> Work item:
Answer with a number only: how many lines of the data contain "death"?

> Entries provided:
(* The system below has an equilibrium of the form $G_3=(S^*,I_1^*,0,0,R^* )$ with $S^*,I_1^*,R^*>0$ if and only if $S^{**}>\sigma_1$ (equivalently $K>K^*:=\frac{b\sigma_1}{b-\mu_0}$), and in that case it is unique. Moreover, writing $\hat S_1=S^{**}-\sigma_1$, its components satisfy $$S^*+I_1^*=\sigma_1,\qquad I_1^*=\frac{b}{K\alpha_1}(\hat S_1-R^* )=\frac{(\mu_4'-\mu_0)R^*}{\alpha_1R^*+\rho_1},$$ and $R^*$ is the unique root in $(0,\hat S_1)$ of $$f(R,K)=\Big(\hat S_1-R+\tfrac{K}{b}(\mu_0-\mu_4')\Big)R+\frac{\rho_1}{\alpha_1}(\hat S_1-R)=0.$$
   Context: Consider, for $t\ge0$, the system $S'=\big(b(1-\tfrac{N}{K})-\alpha_1I_1-\alpha_2I_2-(\beta_1+\beta_2+\alpha_3)I_{12}-\mu_0\big)S$, $I_1'=\big(b(1-\tfrac{N}{K})+\alpha_1S-\eta_1I_{12}-\gamma_1I_2-\mu_1\big)I_1+\beta_1SI_{12}$, $I_2'=\big(b(1-\tfrac{N}{K})+\alpha_2S-\eta_2I_{12}-\gamma_2I_1-\mu_2\big)I_2+\beta_2SI_{12}$, $I_{12}'=\big(b(1-\tfrac{N}{K})+\alpha_3S+\eta_1I_1+\eta_2I_2-\mu_3\big)I_{12}+(\gamma_1+\gamma_2)I_1I_2$, $R'=\big(b(1-\tfrac{N}{K})-\mu_4'\big)R+\rho_1I_1+\rho_2I_2+\rho_3I_{12}$, where $N=S+I_1+I_2+I_{12}+R$. All parameters $b,K,\alpha_i,\beta_i,\gamma_i,\eta_i,\rho_i,\mu_0,\mu_i'$ are positive and $\mu_i=\rho_i+\mu_i'$ for $i=1,2,3$. Standing assumptions: $b>\mu_0$, $b>\mu_i$ ($i=1,2,3$), $b>\mu_4'$, and $\mu_0<\mu_4'<\mu_j'$ for $j=1,2,3$. Set $\sigma_k=(\mu_k-\mu_0)/\alpha_k$ ($k=1,2,3$), assumed to satisfy $\sigma_1<\sigma_2<\sigma_3$, and $S^{**}=\frac{K}{b}(b-\mu_0)$. *)

theory Defs
  imports Complex_Main
begin

text \<open>Parameters of the co-infection model. The death rates mu_i (i=1,2,3) of the
infected classes are given by mu_i = rho_i + mu_i' (mu_i' = natural/disease death rate).\<close>

record params =
  b :: real  K :: real
  \<alpha>1 :: real  \<alpha>2 :: real  \<alpha>3 :: real
  \<beta>1 :: real  \<beta>2 :: real
  \<gamma>1 :: real  \<gamma>2 :: real
  \<eta>1 :: real  \<eta>2 :: real
  \<rho>1 :: real  \<rho>2 :: real  \<rho>3 :: real
  \<mu>0 :: real  \<mu>1' :: real  \<mu>2' :: real  \<mu>3' :: real  \<mu>4' :: real

definition \<mu>1 :: "params \<Rightarrow> real" where "\<mu>1 p = \<rho>1 p + \<mu>1' p"
definition \<mu>2 :: "params \<Rightarrow> real" where "\<mu>2 p = \<rho>2 p + \<mu>2' p"
definition \<mu>3 :: "params \<Rightarrow> real" where "\<mu>3 p = \<rho>3 p + \<mu>3' p"

definition \<sigma>1 :: "params \<Rightarrow> real" where "\<sigma>1 p = (\<mu>1 p - \<mu>0 p) / \<alpha>1 p"
definition \<sigma>2 :: "params \<Rightarrow> real" where "\<sigma>2 p = (\<mu>2 p - \<mu>0 p) / \<alpha>2 p"
definition \<sigma>3 :: "params \<Rightarrow> real" where "\<sigma>3 p = (\<mu>3 p - \<mu>0 p) / \<alpha>3 p"

definition Sss :: "params \<Rightarrow> real" where "Sss p = K p / b p * (b p - \<mu>0 p)"

definition field :: "params \<Rightarrow> real \<times> real \<times> real \<times> real \<times> real \<Rightarrow> real \<times> real \<times> real \<times> real \<times> real" where
  "field p x = (case x of (S, I\<^sub>1, I\<^sub>2, I\<^sub>1\<^sub>2, R) \<Rightarrow>
     (let N = S + I\<^sub>1 + I\<^sub>2 + I\<^sub>1\<^sub>2 + R; g = b p * (1 - N / K p) in
      ((g - \<alpha>1 p * I\<^sub>1 - \<alpha>2 p * I\<^sub>2 - (\<beta>1 p + \<beta>2 p + \<alpha>3 p) * I\<^sub>1\<^sub>2 - \<mu>0 p) * S,
       (g + \<alpha>1 p * S - \<eta>1 p * I\<^sub>1\<^sub>2 - \<gamma>1 p * I\<^sub>2 - \<mu>1 p) * I\<^sub>1 + \<beta>1 p * S * I\<^sub>1\<^sub>2,
       (g + \<alpha>2 p * S - \<eta>2 p * I\<^sub>1\<^sub>2 - \<gamma>2 p * I\<^sub>1 - \<mu>2 p) * I\<^sub>2 + \<beta>2 p * S * I\<^sub>1\<^sub>2,
       (g + \<alpha>3 p * S + \<eta>1 p * I\<^sub>1 + \<eta>2 p * I\<^sub>2 - \<mu>3 p) * I\<^sub>1\<^sub>2 + (\<gamma>1 p + \<gamma>2 p) * I\<^sub>1 * I\<^sub>2,
       (g - \<mu>4' p) * R + \<rho>1 p * I\<^sub>1 + \<rho>2 p * I\<^sub>2 + \<rho>3 p * I\<^sub>1\<^sub>2)))"

definition equilibrium :: "params \<Rightarrow> real \<times> real \<times> real \<times> real \<times> real \<Rightarrow> bool" where
  "equilibrium p x \<longleftrightarrow> field p x = (0, 0, 0, 0, 0)"

definition G3_eq :: "params \<Rightarrow> real \<Rightarrow> real \<Rightarrow> real \<Rightarrow> bool" where
  "G3_eq p S I R \<longleftrightarrow> S > 0 \<and> I > 0 \<and> R > 0 \<and> equilibrium p (S, I, 0, 0, R)"

definition S1hat :: "params \<Rightarrow> real" where "S1hat p = Sss p - \<sigma>1 p"

definition fR :: "params \<Rightarrow> real \<Rightarrow> real" where
  "fR p R = (S1hat p - R + K p / b p * (\<mu>0 p - \<mu>4' p)) * R + \<rho>1 p / \<alpha>1 p * (S1hat p - R)"

definition standing :: "params \<Rightarrow> bool" where
  "standing p \<longleftrightarrow>
     b p > 0 \<and> K p > 0 \<and> \<alpha>1 p > 0 \<and> \<alpha>2 p > 0 \<and> \<alpha>3 p > 0 \<and> \<beta>1 p > 0 \<and> \<beta>2 p > 0 \<and>
     \<gamma>1 p > 0 \<and> \<gamma>2 p > 0 \<and> \<eta>1 p > 0 \<and> \<eta>2 p > 0 \<and> \<rho>1 p > 0 \<and> \<rho>2 p > 0 \<and> \<rho>3 p > 0 \<and>
     \<mu>0 p > 0 \<and> \<mu>1' p > 0 \<and> \<mu>2' p > 0 \<and> \<mu>3' p > 0 \<and> \<mu>4' p > 0 \<and>
     b p > \<mu>0 p \<and> b p > \<mu>1 p \<and> b p > \<mu>2 p \<and> b p > \<mu>3 p \<and> b p > \<mu>4' p \<and>
     \<mu>0 p < \<mu>4' p \<and> \<mu>4' p < \<mu>1' p \<and> \<mu>4' p < \<mu>2' p \<and> \<mu>4' p < \<mu>3' p \<and>
     \<sigma>1 p < \<sigma>2 p \<and> \<sigma>2 p < \<sigma>3 p"

end

theory Submission
  imports Defs
begin

text \<open>At an equilibrium (S, I1, 0, 0, R) with S, I1 > 0 the S- and I1-equations say that the
logistic growth rate g equals alpha1 I1 + mu0 and also mu1 - alpha1 S, which is linear in
(S, I1, R): it forces S + I1 = sigma1 and alpha1 I1 = b/K (S1hat - R). Substituting into the
R-equation leaves the quadratic f(R) = 0, which is positive at R = 0, negative at R = S1hat, has
negative leading coefficient and a negative product of roots; hence it has exactly one positive
root, and that root lies in (0, S1hat). Positivity of S, i.e. I1 < sigma1, comes from
mu4' < mu1'.\<close>

lemma quadratic_pos_root_less:
  fixes a d h R :: real
  assumes "a > 0" "d < 0" "R > 0" "(h - R + d) * R + a * (h - R) = 0"
  shows "R < h"
proof -
  have "(h - R) * (R + a) = - d * R"
    using assms(4) by (simp add: algebra_simps)
  also have "\<dots> > 0"
    using assms(2,3) by (simp add: mult_neg_pos)
  finally show ?thesis
    using assms(1,3) by (simp add: zero_less_mult_iff)
qed

lemma quadratic_pos_root_unique:
  fixes a d h r R :: real
  assumes "a > 0" "h > 0" "r > 0" "R > 0"
    and r: "(h - r + d) * r + a * (h - r) = 0" and R: "(h - R + d) * R + a * (h - R) = 0"
  shows "r = R"
proof (rule ccontr)
  assume "r \<noteq> R"
  moreover have "(r - R) * (h + d - a - r - R) = 0"
    using r R by (simp add: algebra_simps)
  ultimately have "h + d - a = r + R"
    by simp
  then have "(h - R + d) * R + a * (h - R) = r * R + a * h"
    by (simp add: algebra_simps)
  moreover have "r * R + a * h > 0"
    using assms(1-4) by (simp add: add_pos_pos)
  ultimately show False
    using R by simp
qed

lemma quadratic_pos_root_exists:
  fixes a d h :: real
  assumes "a > 0" "d < 0" "h > 0"
  shows "\<exists>R. 0 < R \<and> R < h \<and> (h - R + d) * R + a * (h - R) = 0"
proof -
  let ?f = "\<lambda>R. (h - R + d) * R + a * (h - R)"
  have "?f h < 0" "0 < ?f 0"
    using assms by (simp_all add: mult_neg_pos)
  moreover have "continuous_on {0..h} ?f"
    by (intro continuous_intros)
  ultimately obtain R where "0 \<le> R" "R \<le> h" "?f R = 0"
    using IVT2'[of ?f h 0 0] assms(3) by auto
  moreover from this \<open>?f h < 0\<close> \<open>0 < ?f 0\<close> have "R \<noteq> 0" "R \<noteq> h"
    by auto
  ultimately show ?thesis
    by (intro exI[of _ R]) auto
qed

lemma fR_coefficient_signs:
  assumes "standing p"
  shows "\<rho>1 p / \<alpha>1 p > 0" "K p / b p * (\<mu>0 p - \<mu>4' p) < 0"
  using assms by (auto simp: standing_def mult_pos_neg divide_neg_pos)

lemma fR_root_less:
  assumes "standing p" "R > 0" "fR p R = 0"
  shows "R < S1hat p"
  using quadratic_pos_root_less[OF fR_coefficient_signs[OF assms(1)] assms(2)] assms(3)
  unfolding fR_def .

lemma fR_root_unique:
  assumes "standing p" "r > 0" "R > 0" "fR p r = 0" "fR p R = 0"
  shows "r = R"
proof -
  have "S1hat p > 0"
    using fR_root_less[OF assms(1,3,5)] assms(3) by simp
  then show ?thesis
    using quadratic_pos_root_unique[OF fR_coefficient_signs(1)[OF assms(1)] _ assms(2,3)] assms(4,5)
    unfolding fR_def by blast
qed

lemma fR_root_exists:
  assumes "standing p" "S1hat p > 0"
  shows "\<exists>R. 0 < R \<and> fR p R = 0"
  using quadratic_pos_root_exists[OF fR_coefficient_signs[OF assms(1)] assms(2)]
  unfolding fR_def by blast

lemma G3_eq_iff_reduced_system:
  assumes "b p \<noteq> 0" "K p \<noteq> 0" "\<alpha>1 p \<noteq> 0"
  shows "G3_eq p S I R \<longleftrightarrow> 0 < S \<and> 0 < I \<and> 0 < R \<and> S + I = \<sigma>1 p
    \<and> \<alpha>1 p * I = b p / K p * (S1hat p - R)
    \<and> I * (\<alpha>1 p * R + \<rho>1 p) = (\<mu>4' p - \<mu>0 p) * R"
proof -
  define g where "g = b p * (1 - (S + I + R) / K p)"
  have g_shift: "g - \<mu>0 p = b p / K p * (S1hat p - R)" if "S + I = \<sigma>1 p"
  proof -
    have "S + I + R = \<sigma>1 p + R"
      using that by simp
    then show ?thesis
      using assms by (simp add: g_def S1hat_def Sss_def field_simps)
  qed
  have "g - \<alpha>1 p * I - \<mu>0 p = 0 \<and> g + \<alpha>1 p * S - \<mu>1 p = 0
      \<longleftrightarrow> S + I = \<sigma>1 p \<and> \<alpha>1 p * I = g - \<mu>0 p"
  proof -
    have "\<alpha>1 p * (S + I) = \<mu>1 p - \<mu>0 p \<longleftrightarrow> S + I = \<sigma>1 p"
      using assms by (auto simp: \<sigma>1_def field_simps)
    then show ?thesis
      by (auto simp: algebra_simps)
  qed
  then have linear: "S + I = \<sigma>1 p \<and> \<alpha>1 p * I = b p / K p * (S1hat p - R)
      \<longleftrightarrow> g - \<alpha>1 p * I - \<mu>0 p = 0 \<and> g + \<alpha>1 p * S - \<mu>1 p = 0"
    using g_shift by auto
  have R_equation: "(g - \<mu>4' p) * R + \<rho>1 p * I = 0
      \<longleftrightarrow> I * (\<alpha>1 p * R + \<rho>1 p) = (\<mu>4' p - \<mu>0 p) * R"
    if "g - \<alpha>1 p * I - \<mu>0 p = 0"
  proof -
    have "g = \<alpha>1 p * I + \<mu>0 p"
      using that by simp
    then show ?thesis
      by (auto simp: algebra_simps)
  qed
  have "G3_eq p S I R \<longleftrightarrow> 0 < S \<and> 0 < I \<and> 0 < R
      \<and> g - \<alpha>1 p * I - \<mu>0 p = 0 \<and> g + \<alpha>1 p * S - \<mu>1 p = 0
      \<and> (g - \<mu>4' p) * R + \<rho>1 p * I = 0"
    by (auto simp: G3_eq_def equilibrium_def field_def Let_def g_def)
  with linear R_equation show ?thesis
    by blast
qed

lemma fR_eq_residual:
  assumes "b p \<noteq> 0" "K p \<noteq> 0" "\<alpha>1 p \<noteq> 0" "\<alpha>1 p * I = b p / K p * (S1hat p - R)"
  shows "fR p R = K p / b p * (I * (\<alpha>1 p * R + \<rho>1 p) - (\<mu>4' p - \<mu>0 p) * R)"
proof -
  have "S1hat p - R = K p / b p * (\<alpha>1 p * I)"
    using assms by (simp add: field_simps)
  then show ?thesis
    using assms(3) by (simp add: fR_def field_simps) (simp add: add_divide_distrib diff_divide_distrib)
qed

lemma G3_eq_iff_root:
  assumes st: "standing p"
  shows "G3_eq p S I R \<longleftrightarrow> 0 < R \<and> fR p R = 0
    \<and> I = b p / (K p * \<alpha>1 p) * (S1hat p - R) \<and> S = \<sigma>1 p - I"
proof -
  from st have pos: "b p > 0" "K p > 0" "\<alpha>1 p > 0" "\<rho>1 p > 0" "\<mu>0 p < \<mu>4' p" "\<mu>4' p < \<mu>1 p"
    by (auto simp: standing_def \<mu>1_def)
  have I_iff: "\<alpha>1 p * I = b p / K p * (S1hat p - R) \<longleftrightarrow> I = b p / (K p * \<alpha>1 p) * (S1hat p - R)"
    using pos by (auto simp: field_simps)
  have I_bound: "I < \<sigma>1 p"
    if "R > 0" "I * (\<alpha>1 p * R + \<rho>1 p) = (\<mu>4' p - \<mu>0 p) * R"
  proof -
    have "\<alpha>1 p * I * (\<alpha>1 p * R + \<rho>1 p) = (\<mu>4' p - \<mu>0 p) * (\<alpha>1 p * R)"
      using that(2) by (metis mult.assoc mult.commute)
    also have "\<dots> < (\<mu>1 p - \<mu>0 p) * (\<alpha>1 p * R)"
      using pos that(1) by simp
    also have "\<dots> \<le> (\<mu>1 p - \<mu>0 p) * (\<alpha>1 p * R + \<rho>1 p)"
      using pos by simp
    finally have "\<alpha>1 p * I < \<mu>1 p - \<mu>0 p"
      using pos that(1) by (simp add: add_pos_pos)
    then show ?thesis
      using pos by (simp add: \<sigma>1_def field_simps)
  qed
  show ?thesis
  proof
    assume "G3_eq p S I R"
    then show "0 < R \<and> fR p R = 0 \<and> I = b p / (K p * \<alpha>1 p) * (S1hat p - R) \<and> S = \<sigma>1 p - I"
      using pos G3_eq_iff_reduced_system[of p S I R] fR_eq_residual[of p I R] I_iff by auto
  next
    assume root: "0 < R \<and> fR p R = 0 \<and> I = b p / (K p * \<alpha>1 p) * (S1hat p - R) \<and> S = \<sigma>1 p - I"
    then have linear: "\<alpha>1 p * I = b p / K p * (S1hat p - R)"
      using I_iff by simp
    then have R_eq: "I * (\<alpha>1 p * R + \<rho>1 p) = (\<mu>4' p - \<mu>0 p) * R"
      using root pos fR_eq_residual[of p I R] by simp
    have "I > 0"
      using root pos fR_root_less[OF st] by simp
    moreover have "S > 0"
      using root I_bound[OF _ R_eq] by simp
    ultimately show "G3_eq p S I R"
      using root linear R_eq pos G3_eq_iff_reduced_system[of p S I R] by simp
  qed
qed

lemma G3_eq_components:
  assumes st: "standing p" and G: "G3_eq p S I R"
  shows "S + I = \<sigma>1 p
    \<and> I = b p / (K p * \<alpha>1 p) * (S1hat p - R)
    \<and> I = (\<mu>4' p - \<mu>0 p) * R / (\<alpha>1 p * R + \<rho>1 p)
    \<and> 0 < R \<and> R < S1hat p \<and> fR p R = 0"
proof -
  from st have pos: "b p > 0" "K p > 0" "\<alpha>1 p > 0" "\<rho>1 p > 0"
    by (simp_all add: standing_def)
  have "I * (\<alpha>1 p * R + \<rho>1 p) = (\<mu>4' p - \<mu>0 p) * R" "\<alpha>1 p * R + \<rho>1 p > 0"
    using G pos G3_eq_iff_reduced_system[of p S I R] by (auto simp: add_pos_pos)
  then have "I = (\<mu>4' p - \<mu>0 p) * R / (\<alpha>1 p * R + \<rho>1 p)"
    by (simp add: field_simps)
  then show ?thesis
    using G G3_eq_iff_root[OF st] fR_root_less[OF st] by auto
qed

theorem mainTheorem7:
  assumes "standing p"
  shows "((\<exists>S I R. G3_eq p S I R) \<longleftrightarrow> Sss p > \<sigma>1 p)
    \<and> (Sss p > \<sigma>1 p \<longleftrightarrow> K p > b p * \<sigma>1 p / (b p - \<mu>0 p))
    \<and> (Sss p > \<sigma>1 p \<longrightarrow> (\<exists>!x. case x of (S, I, R) \<Rightarrow> G3_eq p S I R))
    \<and> (\<forall>S I R. G3_eq p S I R \<longrightarrow>
          S + I = \<sigma>1 p
        \<and> I = b p / (K p * \<alpha>1 p) * (S1hat p - R)
        \<and> I = (\<mu>4' p - \<mu>0 p) * R / (\<alpha>1 p * R + \<rho>1 p)
        \<and> 0 < R \<and> R < S1hat p \<and> fR p R = 0
        \<and> (\<forall>r. 0 < r \<and> r < S1hat p \<and> fR p r = 0 \<longrightarrow> r = R))"
proof -
  note components = G3_eq_components[OF assms]
  have existence: "(\<exists>S I R. G3_eq p S I R) \<longleftrightarrow> Sss p > \<sigma>1 p"
    using components fR_root_exists[OF assms] G3_eq_iff_root[OF assms]
    by (force simp: S1hat_def)
  have threshold: "Sss p > \<sigma>1 p \<longleftrightarrow> K p > b p * \<sigma>1 p / (b p - \<mu>0 p)"
    using assms by (simp add: standing_def Sss_def field_simps)
  have unique: "S = S' \<and> I = I' \<and> R = R'" if "G3_eq p S I R" "G3_eq p S' I' R'" for S I R S' I' R'
    using that G3_eq_iff_root[OF assms] fR_root_unique[OF assms, of R R'] by auto
  have "\<exists>!x. case x of (S, I, R) \<Rightarrow> G3_eq p S I R" if "Sss p > \<sigma>1 p"
    using that existence unique by (auto intro!: ex_ex1I)
  then show ?thesis
    using existence threshold components fR_root_unique[OF assms] by blast
qed

end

> Finished exercise:
2